While some of the actions — like expanded access to financing for manufactured housing — will take effect in the near term.

Some of the actions are more open-ended. While addressing exclusionary zoning — local regulations that discourage rental housing — may be a part of Congress’ infrastructure bill, federal agencies will at least start to look into the issue.

The FHFA said it will conduct a study on how much GSEs mortgage activity is concentrated in jurisdictions with exclusionary zoning policies. In addition to the demographic characteristics of homeowners of those loans, the study will gauge whether GSE purchases further or discourage restrictive zoning measures.

HUD also said it will be taking a look at exclusionary zoning, and would release its latest research on steps state and local governments are taking to remove regulatory barriers to affordable housing. Local zoning regulations often favor single-family residential development, and discourage multifamily and affordable housing development.

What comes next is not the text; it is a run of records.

(* Let $G=(V,E)$ be a finite simple undirected graph, $G_0:=G$, and let $W_1,\dots,W_r$ be distinct subsets of $V$ such that for every $t\in\{1,\dots,r\}$, $W_t$ is a clique of $G_{t-1}$ with $|W_t|\ge2$ and $G_t:=G_{t-1}\mid W_t$. Let $F_0:=STAB(G)$, $F_t:=\{x\in STAB(G)\mid x_{W_j}=1,\ j=1,\dots,t\}$, and $\mathcal S_t:=\mathcal S(G)\cap F_t$. Let $c^\top x\le d$, with $c\in\mathbb R^V$ and $d\in\mathbb R$, be a valid inequality for $STAB(G_r)$. For $t\in\{0,\dots,r\}$ define \[ f_t(x)=c^\top x+\sum_{\ell=t+1}^r\lambda^S_\ell(x_{W_\ell}-1), \] where, recursively for $\ell=r,r-1,\dots,1$, \[ \lambda^S_\ell=\max\{f_\ell(x)-d\mid x\in\mathcal S_{\ell-1},\ x_{W_\ell}=0\}, \] with the convention $\max\emptyset=0$. Then $f_t(x)\le d$ is valid for $F_t$ for every $t\in\{0,\dots,r\}$.
   Context: For a graph $G=(V,E)$, $\mathcal S(G)\subseteq\{0,1\}^V$ is the set of characteristic vectors of stable sets of $G$, and $STAB(G)=\mathrm{conv}\,\mathcal S(G)$. For $W\subseteq V$ and $x\in\mathbb R^V$, $x_W=\sum_{v\in W}x_v$. The clique projection of a clique $W$ ($|W|\ge2$) of a graph $H=(V,E_H)$ is $H\mid W=(V,E_H\cup\{uv\notin E_H\mid u\ne v,\ W\subseteq N_H(u)\cup N_H(v)\})$, where $N_H(u)$ is the neighborhood of $u$ in $H$. *)

theory Defs
  imports "HOL-Analysis.Analysis"
begin

text \<open>Finite simple graphs on the vertex set V = UNIV of a finite type 'v.
  The edge set is a set of 2-element vertex sets.\<close>

definition simple_graph :: "'v set set \<Rightarrow> bool" where
  "simple_graph E \<longleftrightarrow> (\<forall>e\<in>E. card e = 2)"

definition nbhd :: "'v set set \<Rightarrow> 'v \<Rightarrow> 'v set" where
  "nbhd E u = {v. {u, v} \<in> E}"

definition is_clique :: "'v set set \<Rightarrow> 'v set \<Rightarrow> bool" where
  "is_clique E W \<longleftrightarrow> (\<forall>u\<in>W. \<forall>v\<in>W. u \<noteq> v \<longrightarrow> {u, v} \<in> E)"

definition is_stable :: "'v set set \<Rightarrow> 'v set \<Rightarrow> bool" where
  "is_stable E S \<longleftrightarrow> (\<forall>u\<in>S. \<forall>v\<in>S. {u, v} \<notin> E)"

definition clique_proj :: "'v set set \<Rightarrow> 'v set \<Rightarrow> 'v set set" where
  "clique_proj E W = E \<union> {{u, v} | u v. {u, v} \<notin> E \<and> u \<noteq> v \<and> W \<subseteq> nbhd E u \<union> nbhd E v}"

definition char_vec :: "'v::finite set \<Rightarrow> real ^ 'v" where
  "char_vec S = (\<chi> v. if v \<in> S then 1 else 0)"

definition stab_vecs :: "'v::finite set set \<Rightarrow> (real ^ 'v) set" where
  "stab_vecs E = {char_vec S | S. is_stable E S}"

definition STAB :: "'v::finite set set \<Rightarrow> (real ^ 'v) set" where
  "STAB E = convex hull (stab_vecs E)"

definition xsum :: "'v::finite set \<Rightarrow> real ^ 'v \<Rightarrow> real" where
  "xsum W x = (\<Sum>v\<in>W. x $ v)"

primrec Gseq :: "'v set set \<Rightarrow> (nat \<Rightarrow> 'v set) \<Rightarrow> nat \<Rightarrow> 'v set set" where
  "Gseq E W 0 = E"
| "Gseq E W (Suc t) = clique_proj (Gseq E W t) (W (Suc t))"

definition Fset :: "'v::finite set set \<Rightarrow> (nat \<Rightarrow> 'v set) \<Rightarrow> nat \<Rightarrow> (real ^ 'v) set" where
  "Fset E W t = {x \<in> STAB E. \<forall>j\<in>{1..t}. xsum (W j) x = 1}"

definition Sset :: "'v::finite set set \<Rightarrow> (nat \<Rightarrow> 'v set) \<Rightarrow> nat \<Rightarrow> (real ^ 'v) set" where
  "Sset E W t = stab_vecs E \<inter> Fset E W t"

definition max0 :: "real set \<Rightarrow> real" where
  "max0 A = (if A = {} then 0 else Max A)"

definition fval :: "(nat \<Rightarrow> 'v set) \<Rightarrow> nat \<Rightarrow> real ^ 'v \<Rightarrow> (nat \<Rightarrow> real) \<Rightarrow> nat \<Rightarrow> real ^ 'v \<Rightarrow> real"
  where "fval W r c lam t x = c \<bullet> x + (\<Sum>l\<in>{t+1..r}. lam l * (xsum (W l) x - 1))"

text \<open>Recursive computation of lambda^S_l for l = r, r-1, ..., 1:
  after n steps, the values lambda^S_r, ..., lambda^S_{r-n+1} are set.\<close>
primrec lam_steps :: "'v::finite set set \<Rightarrow> (nat \<Rightarrow> 'v set) \<Rightarrow> nat \<Rightarrow> real ^ 'v \<Rightarrow> real
    \<Rightarrow> nat \<Rightarrow> (nat \<Rightarrow> real)" where
  "lam_steps E W r c d 0 = (\<lambda>_. 0)"
| "lam_steps E W r c d (Suc n) =
     (let L = lam_steps E W r c d n; l = r - n in
       L(l := max0 {fval W r c L l x - d | x. x \<in> Sset E W (l - 1) \<and> xsum (W l) x = 0}))"

text \<open>lambda^S_l (meaningful for 1 \<le> l \<le> r).\<close>
definition lamS :: "'v::finite set set \<Rightarrow> (nat \<Rightarrow> 'v set) \<Rightarrow> nat \<Rightarrow> real ^ 'v \<Rightarrow> real \<Rightarrow> nat \<Rightarrow> real"
  where "lamS E W r c d = lam_steps E W r c d r"

end

theory Submission
  imports Defs
begin

text \<open>Two facts drive the proof. First, F_t is the convex hull of \<S>_t: the clique inequality
  x_{W_{t+1}} \<le> 1 is valid for \<S>_t (whose members are stable in G_t), so F_{t+1} is a face of
  conv \<S>_t spanned by the points of \<S>_t on it. Second, f_{t-1} is affine, so its validity on F_{t-1}
  only has to be checked at the 0/1 points of \<S>_{t-1}; those with x_{W_t} = 1 lie in F_t, where
  f_{t-1} = f_t, and those with x_{W_t} = 0 are exactly the points that \<lambda>^S_t is chosen to cover.
  Validity of c x \<le> d on F_r holds because \<S>_r consists of stable sets of G_r.\<close>

lemma convex_hull_supporting_face:
  fixes P :: "'a::euclidean_space set"
  assumes "finite P" and "\<forall>p\<in>P. a \<bullet> p \<le> b" and "x \<in> convex hull P" and "a \<bullet> x = b"
  shows "x \<in> convex hull {p\<in>P. a \<bullet> p = b}"
proof -
  have "convex hull P \<subseteq> {y. a \<bullet> y \<le> b}"
    using assms(2) by (intro hull_minimal convex_halfspace_le) auto
  then have "(convex hull P \<inter> {y. a \<bullet> y = b}) face_of convex hull P"
    by (intro face_of_Int_supporting_hyperplane_le) auto
  then obtain P' where P': "P' \<subseteq> P" "convex hull P \<inter> {y. a \<bullet> y = b} = convex hull P'"
    using face_of_convex_hull_subset finite_imp_compact assms(1) by metis
  have "P' \<subseteq> {p\<in>P. a \<bullet> p = b}"
    using P' hull_subset[of P' convex] by auto
  then show ?thesis
    using P' assms(3,4) hull_mono by blast
qed

lemma is_stable_clique_proj:
  assumes "is_stable H S" and "W \<inter> S \<noteq> {}"
  shows "is_stable (clique_proj H W) S"
  unfolding is_stable_def
proof (intro ballI)
  fix u v assume uv: "u \<in> S" "v \<in> S"
  obtain w where w: "w \<in> W" "w \<in> S" using assms(2) by blast
  have "{u', w} \<notin> H" "{v', w} \<notin> H" if "{u, v} = {u', v'}" for u' v'
    using that assms(1) uv w unfolding is_stable_def doubleton_eq_iff by auto
  then have "\<not> W \<subseteq> nbhd H u' \<union> nbhd H v'" if "{u, v} = {u', v'}" for u' v'
    using that w unfolding nbhd_def by blast
  moreover have "{u, v} \<notin> H" using assms(1) uv unfolding is_stable_def by blast
  ultimately show "{u, v} \<notin> clique_proj H W"
    unfolding clique_proj_def by blast
qed

lemma card_clique_Int_stable_le_1:
  fixes W :: "'v::finite set"
  assumes "is_stable H S" and "is_clique H W"
  shows "card (W \<inter> S) \<le> 1"
proof -
  have "\<forall>a\<in>W \<inter> S. \<forall>b\<in>W \<inter> S. a = b"
    using assms unfolding is_stable_def is_clique_def by blast
  then show ?thesis using card_le_Suc0_iff_eq[of "W \<inter> S"] by simp
qed

lemma xsum_char_vec: "xsum W (char_vec S) = real (card (W \<inter> S))"
  unfolding xsum_def char_vec_def by (simp add: sum.If_cases Int_def)

lemma xsum_eq_inner: "xsum W x = char_vec W \<bullet> x"
proof -
  have "char_vec W \<bullet> x = (\<Sum>v\<in>UNIV. if v \<in> W then x $ v else 0)"
    unfolding char_vec_def inner_vec_def by (intro sum.cong) auto
  then show ?thesis unfolding xsum_def by (simp add: sum.If_cases)
qed

lemma finite_stab_vecs: "finite (stab_vecs (E :: 'v::finite set set))"
  by (rule finite_subset[of _ "range char_vec"]) (auto simp: stab_vecs_def)

lemma Fset_Suc: "Fset E W (Suc t) = {x \<in> Fset E W t. xsum (W (Suc t)) x = 1}"
  unfolding Fset_def by (auto simp: le_Suc_eq)

lemma Sset_Suc: "Sset E W (Suc t) = {s \<in> Sset E W t. xsum (W (Suc t)) s = 1}"
  unfolding Sset_def Fset_Suc by blast

lemma Sset_stable_Gseq:
  assumes "s \<in> Sset E W t"
  obtains S where "s = char_vec S" and "is_stable (Gseq E W t) S"
  using assms
proof (induction t arbitrary: thesis)
  case 0
  then show ?case unfolding Sset_def stab_vecs_def by auto
next
  case (Suc t)
  then obtain S where S: "s = char_vec S" "is_stable (Gseq E W t) S"
    by (auto simp: Sset_Suc)
  with Suc.prems have "card (W (Suc t) \<inter> S) = 1"
    by (simp add: Sset_Suc xsum_char_vec)
  then have "W (Suc t) \<inter> S \<noteq> {}" by force
  with S Suc.prems(1) show ?case by (simp add: is_stable_clique_proj)
qed

lemma xsum_Sset_le_1:
  assumes "s \<in> Sset E W t" and "is_clique (Gseq E W t) (W (Suc t))"
  shows "xsum (W (Suc t)) s \<le> 1"
proof -
  obtain S where "s = char_vec S" "is_stable (Gseq E W t) S"
    using Sset_stable_Gseq[OF assms(1)] .
  with assms(2) show ?thesis
    using card_clique_Int_stable_le_1 by (simp add: xsum_char_vec)
qed

lemma Fset_subset_convex_hull_Sset:
  assumes "\<forall>j\<in>{1..t}. is_clique (Gseq E W (j - 1)) (W j)"
  shows "Fset E W t \<subseteq> convex hull (Sset E W t)"
  using assms
proof (induction t)
  case 0
  then show ?case by (simp add: Fset_def Sset_def STAB_def hull_subset Int_absorb2)
next
  case (Suc t)
  show ?case
  proof
    fix x assume x: "x \<in> Fset E W (Suc t)"
    have "x \<in> convex hull (Sset E W t)"
      using Suc x by (auto simp: Fset_Suc)
    moreover have "finite (Sset E W t)"
      unfolding Sset_def using finite_stab_vecs by blast
    moreover have "\<forall>s\<in>Sset E W t. xsum (W (Suc t)) s \<le> 1"
      using Suc.prems xsum_Sset_le_1 by force
    ultimately show "x \<in> convex hull (Sset E W (Suc t))"
      using convex_hull_supporting_face[of "Sset E W t" "char_vec (W (Suc t))" 1 x] x
      by (simp add: Fset_Suc Sset_Suc xsum_eq_inner)
  qed
qed

lemma fval_eq_inner:
  "fval W r c L t x = (c + (\<Sum>l\<in>{t+1..r}. L l *\<^sub>R char_vec (W l))) \<bullet> x - (\<Sum>l\<in>{t+1..r}. L l)"
  unfolding fval_def xsum_eq_inner
  by (simp add: inner_add_left inner_sum_left right_diff_distrib sum_subtractf)

lemma convex_fval_sublevel: "convex {x. fval W r c L t x \<le> d}"
  unfolding fval_eq_inner diff_le_eq by (rule convex_halfspace_le)

lemma fval_Suc:
  assumes "t < r"
  shows "fval W r c L t x = fval W r c L (Suc t) x + L (Suc t) * (xsum (W (Suc t)) x - 1)"
  using assms unfolding fval_def by (simp add: sum.atLeast_Suc_atMost)

lemma fval_cong:
  assumes "\<forall>l\<in>{t+1..r}. L l = L' l"
  shows "fval W r c L t x = fval W r c L' t x"
  using assms unfolding fval_def by simp

lemma valid_on_Fset_of_valid_on_Sset:
  assumes "\<forall>j\<in>{1..t}. is_clique (Gseq E W (j - 1)) (W j)"
    and "\<forall>s\<in>Sset E W t. fval W r c L t s \<le> d"
  shows "\<forall>x\<in>Fset E W t. fval W r c L t x \<le> d"
proof -
  have "convex hull (Sset E W t) \<subseteq> {x. fval W r c L t x \<le> d}"
    using assms(2) by (intro hull_minimal convex_fval_sublevel) auto
  then show ?thesis
    using Fset_subset_convex_hull_Sset[OF assms(1)] by blast
qed

text \<open>lam_steps (Suc n) fixes the coefficient of index r - n; later steps leave it unchanged.\<close>

lemma lam_steps_settled:
  assumes "n \<le> m" and "r - n < k"
  shows "lam_steps E W r c d m k = lam_steps E W r c d n k"
  using assms
proof (induction m)
  case (Suc m)
  show ?case
  proof (cases "n = Suc m")
    case False
    with Suc.prems have "n \<le> m" and "k \<noteq> r - m" by auto
    with Suc.IH Suc.prems(2) show ?thesis by (simp add: Let_def)
  qed simp
qed simp

lemma lamS_rec:
  assumes "t < r"
  shows "lamS E W r c d (Suc t) = max0 {fval W r c (lamS E W r c d) (Suc t) x - d | x.
           x \<in> Sset E W t \<and> xsum (W (Suc t)) x = 0}"
proof -
  define n where "n = r - Suc t"
  have n: "r - n = Suc t" "n < r" using assms unfolding n_def by auto
  let ?L = "lam_steps E W r c d n"
  have "lamS E W r c d (Suc t) = lam_steps E W r c d (Suc n) (Suc t)"
    unfolding lamS_def using n by (intro lam_steps_settled) auto
  also have "\<dots> = max0 {fval W r c ?L (Suc t) x - d | x. x \<in> Sset E W t \<and> xsum (W (Suc t)) x = 0}"
    using n by (simp add: Let_def)
  also have "fval W r c ?L (Suc t) = fval W r c (lamS E W r c d) (Suc t)"
    unfolding lamS_def using n by (intro ext fval_cong ballI lam_steps_settled[symmetric]) auto
  finally show ?thesis .
qed

lemma le_max0: "finite A \<Longrightarrow> a \<in> A \<Longrightarrow> a \<le> max0 A"
  unfolding max0_def by auto

lemma valid_on_Sset_of_valid_on_Fset_Suc:
  assumes "t < r" and "is_clique (Gseq E W t) (W (Suc t))"
    and valid: "\<forall>x\<in>Fset E W (Suc t). fval W r c (lamS E W r c d) (Suc t) x \<le> d"
    and s: "s \<in> Sset E W t"
  shows "fval W r c (lamS E W r c d) t s \<le> d"
proof -
  let ?L = "lamS E W r c d" and ?f = "fval W r c (lamS E W r c d) (Suc t)"
  obtain S where S: "s = char_vec S" "is_stable (Gseq E W t) S"
    using Sset_stable_Gseq[OF s] .
  have "card (W (Suc t) \<inter> S) \<le> 1"
    using card_clique_Int_stable_le_1[OF S(2) assms(2)] .
  then have "card (W (Suc t) \<inter> S) = 1 \<or> card (W (Suc t) \<inter> S) = 0" by linarith
  then consider (meets) "xsum (W (Suc t)) s = 1" | (misses) "xsum (W (Suc t)) s = 0"
    using S(1) by (auto simp: xsum_char_vec)
  then show ?thesis
  proof cases
    case meets
    then have "s \<in> Sset E W (Suc t)" using s by (simp add: Sset_Suc)
    then have "?f s \<le> d" using valid by (auto simp: Sset_def)
    with meets show ?thesis using assms(1) by (simp add: fval_Suc)
  next
    case misses
    let ?A = "{?f x - d | x. x \<in> Sset E W t \<and> xsum (W (Suc t)) x = 0}"
    have "?A \<subseteq> (\<lambda>x. ?f x - d) ` stab_vecs E" by (auto simp: Sset_def)
    then have "finite ?A" using finite_stab_vecs finite_surj by blast
    then have "?f s - d \<le> max0 ?A" using s misses by (blast intro: le_max0)
    also have "\<dots> = ?L (Suc t)"
      using lamS_rec[OF assms(1)] by (rule sym)
    finally show ?thesis using misses assms(1) by (simp add: fval_Suc)
  qed
qed

theorem lemma6:
  fixes E :: "'v::finite set set" and W :: "nat \<Rightarrow> 'v set" and r :: nat
    and c :: "real ^ 'v" and d :: real
  assumes "simple_graph E"
    and "inj_on W {1..r}"
    and "\<forall>t\<in>{1..r}. is_clique (Gseq E W (t - 1)) (W t) \<and> card (W t) \<ge> 2"
    and "\<forall>x\<in>STAB (Gseq E W r). c \<bullet> x \<le> d"
  shows "\<forall>t\<in>{0..r}. \<forall>x\<in>Fset E W t. fval W r c (lamS E W r c d) t x \<le> d"
proof
  let ?f = "fval W r c (lamS E W r c d)"
  fix t assume "t \<in> {0..r}"
  then have "t \<le> r" by simp
  have cliques: "\<forall>j\<in>{1..t}. is_clique (Gseq E W (j - 1)) (W j)" if "t \<le> r" for t
    using assms(3) that by auto
  from \<open>t \<le> r\<close> show "\<forall>x\<in>Fset E W t. ?f t x \<le> d"
  proof (induction t rule: inc_induct)
    case base
    have "s \<in> STAB (Gseq E W r)" if "s \<in> Sset E W r" for s
      using that by (auto elim!: Sset_stable_Gseq simp: STAB_def stab_vecs_def intro: hull_inc)
    then have "\<forall>s\<in>Sset E W r. ?f r s \<le> d"
      using assms(4) by (simp add: fval_def)
    then show ?case
      using valid_on_Fset_of_valid_on_Sset[OF cliques[OF order_refl]] by blast
  next
    case (step t)
    have "Suc t \<in> {1..r}" using step.hyps(2) by simp
    with assms(3) have "is_clique (Gseq E W t) (W (Suc t))" by fastforce
    then have "\<forall>s\<in>Sset E W t. ?f t s \<le> d"
      using valid_on_Sset_of_valid_on_Fset_Suc[OF step.hyps(2) _ step.IH] by blast
    then show ?case
      using valid_on_Fset_of_valid_on_Sset[OF cliques[OF less_imp_le[OF step.hyps(2)]]] by blast
  qed
qed

end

Salim Furth, a senior fellow at the Mercatus Center at George Mason University, which advocates for free-market based policies, said FHFA’s intention to study Fannie Mae and Freddie Mac’s contribution to exclusionary zoning stood out among the modest proposals.

“The Federal Housing Administration actively promoted residential segregation until 1950, and the federal tax code still subsidizes artificially high housing costs through the mortgage interest deduction,” said Furth. “It is high time to identify and rectify other areas where current federal policies contribute to exclusion and unaffordability.”